If you are a machinist you can understand anything the Docs and Cardiologists are saying. Yes, you will need to understand what they are saying. Tell them this is not a medical terminology class, they must use simple language.

For example the heart is merely a two stage pump (ventricles). However, each stage has priming unit (atria). Between the two pumps there is an old fashioned carburetor air gets in and mixes with the blood in the lungs. However, this carburetor is really special because it also acts as an exhaust when you breathe out.

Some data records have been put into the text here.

lemma card_answer_fibre_le_card_colourings:
  assumes winning: "\<And>x y. length x = m \<Longrightarrow> perfect_matching m y \<Longrightarrow> wins m x y (sA x) (sB y)"
    and graph: "graph {0..<m} (bob_edges sB m)" and "length x0 = m"
  shows "card {x. length x = m \<and> sA x = sA x0}
           \<le> card (colourings {0..<m} (bob_edges sB m) (edge_parity x0))"
proof (rule card_le_card_colourings[OF graph])
  show "\<forall>x\<in>{x. length x = m \<and> sA x = sA x0}.
          colouring {0..<m} (bob_edges sB m) (edge_parity x0) ((!) x)"
  proof
    fix x assume x: "x \<in> {x. length x = m \<and> sA x = sA x0}"
    show "colouring {0..<m} (bob_edges sB m) (edge_parity x0) ((!) x)"
      by (rule colouring_bob_edges[where a = "sA x0"])
        (use winning[of x] winning[OF \<open>length x0 = m\<close>] x in simp_all)
  qed
qed simp

theorem corollary1:
  fixes m :: nat
  assumes "m > 0" and "even m"
    and "classical_winning_strategy_exists m"
  shows "\<exists>(V :: nat set) (E :: nat set set) (h :: nat set \<Rightarrow> bool).
           graph V E \<and> card V = m \<and>
           real (card (colourings V E h)) \<ge> 2 ^ m / 2 ^ Lbits m \<and>
           (\<exists>C. connected_component V E C \<and> real (card C) > real m / 2)"
proof -
  obtain sA sB where
    answer_length: "\<And>x. length x = m \<Longrightarrow> length (sA x) = Lbits m" and
    edge: "\<And>y. perfect_matching m y \<Longrightarrow> card (fst (sB y)) = 2 \<and> fst (sB y) \<subseteq> {0..<m}" and
    winning: "\<And>x y. length x = m \<Longrightarrow> perfect_matching m y \<Longrightarrow> wins m x y (sA x) (sB y)"
    using assms(3) unfolding classical_winning_strategy_exists_def by blast
  obtain x0 where x0: "length x0 = m"
    and fibre: "2 ^ m \<le> 2 ^ Lbits m * card {x. length x = m \<and> sA x = sA x0}"
    using exists_large_fibre_bit_strings answer_length by blast
  define E where "E = bob_edges sB m"
  have graph: "graph {0..<m} E"
    unfolding E_def using edge by (rule graph_bob_edges)
  have "2 ^ m \<le> 2 ^ Lbits m * card (colourings {0..<m} E (edge_parity x0))"
    using fibre card_answer_fibre_le_card_colourings[OF winning graph[unfolded E_def] x0]
    unfolding E_def by (meson le_trans mult_le_mono2)
  hence "real (2 ^ m) \<le> real (2 ^ Lbits m * card (colourings {0..<m} E (edge_parity x0)))"
    by (simp only: of_nat_le_iff)
  hence colourings: "real (card (colourings {0..<m} E (edge_parity x0))) \<ge> 2 ^ m / 2 ^ Lbits m"
    by (simp add: pos_divide_le_eq mult.commute)
  have "y \<inter> E \<noteq> {}" if "perfect_matching m y" for y
    unfolding E_def using that winning[OF x0 that] by (rule matching_meets_bob_edges)
  then obtain v where v: "v < m" "m < 2 * card (component_of E v)"
    using large_component_exists[OF graph assms(2)] by blast
  hence "connected_component {0..<m} E (component_of E v)"
        "real (card (component_of E v)) > real m / 2"
    using graph by (simp_all add: connected_component_component_of)
  thus ?thesis
    using graph colourings by (intro exI[of _ "{0..<m}"] exI[of _ E] exI[of _ "edge_parity x0"]) auto
qed

end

So, you've got atrial fibrillation. The primer on the pump stage located after your lungs isn't working very well and occasionally retains the blood instead of passing it through like it should. It gels up when it isn't moving and forms clots. That's bad because if one of those clots gets let lose it could go anywhere and cause a clogged line. Clogged lines don't allow for fuel and air or lubrication. Some parts of the system are more fragile than others and need alot of lubrication (blood). We tend to notice some parts right away if there is a clogged line (brain).

So, yep, they can add additives to the blood to make it super slippery. So it doesn't gel up ever. Some diet effects the medications ability to stop gelling. Unfortunately, if there are bad seals or a thin wall on one of the lines, then they leak. Sometimes alot. That'd also be bad.

I'm guessing that by "curated arteries" you mean carotid arteries. Those are the big pipes that feed the brain. Sometimes they get clogged up as well. In fact, they can get so clogged up that they also cause flow to slow down and gel up. A really bad location as it dumps into the brain.

Ok, what else...
Let's remember that there are lots of other systems. You haven't mentioned kidney, endocrine (thyroid and diabetes), prostrate, lung, stomach and intestines. So I'm guessing those parts are running pretty well.

When you meet with the Docs for the decision, it might be helpful to put everything in the context of a car. A really cool car that you really want alot more miles miles out of. It's all a gamble and you can't make all the repairs required. After all it will never be a new car again. Which repairs will get you the longest most enjoyable ride? Are you interested in repairs which give lots of years but you end up restricted to a chair? Also, know that the Docs can't make any guarantees on outcome. Far too many unknowns.

And last written. But, really should be both first and last, with multiples during the process. Ask God that his will be done. But, it's ok to request more time do to his work as best you are able!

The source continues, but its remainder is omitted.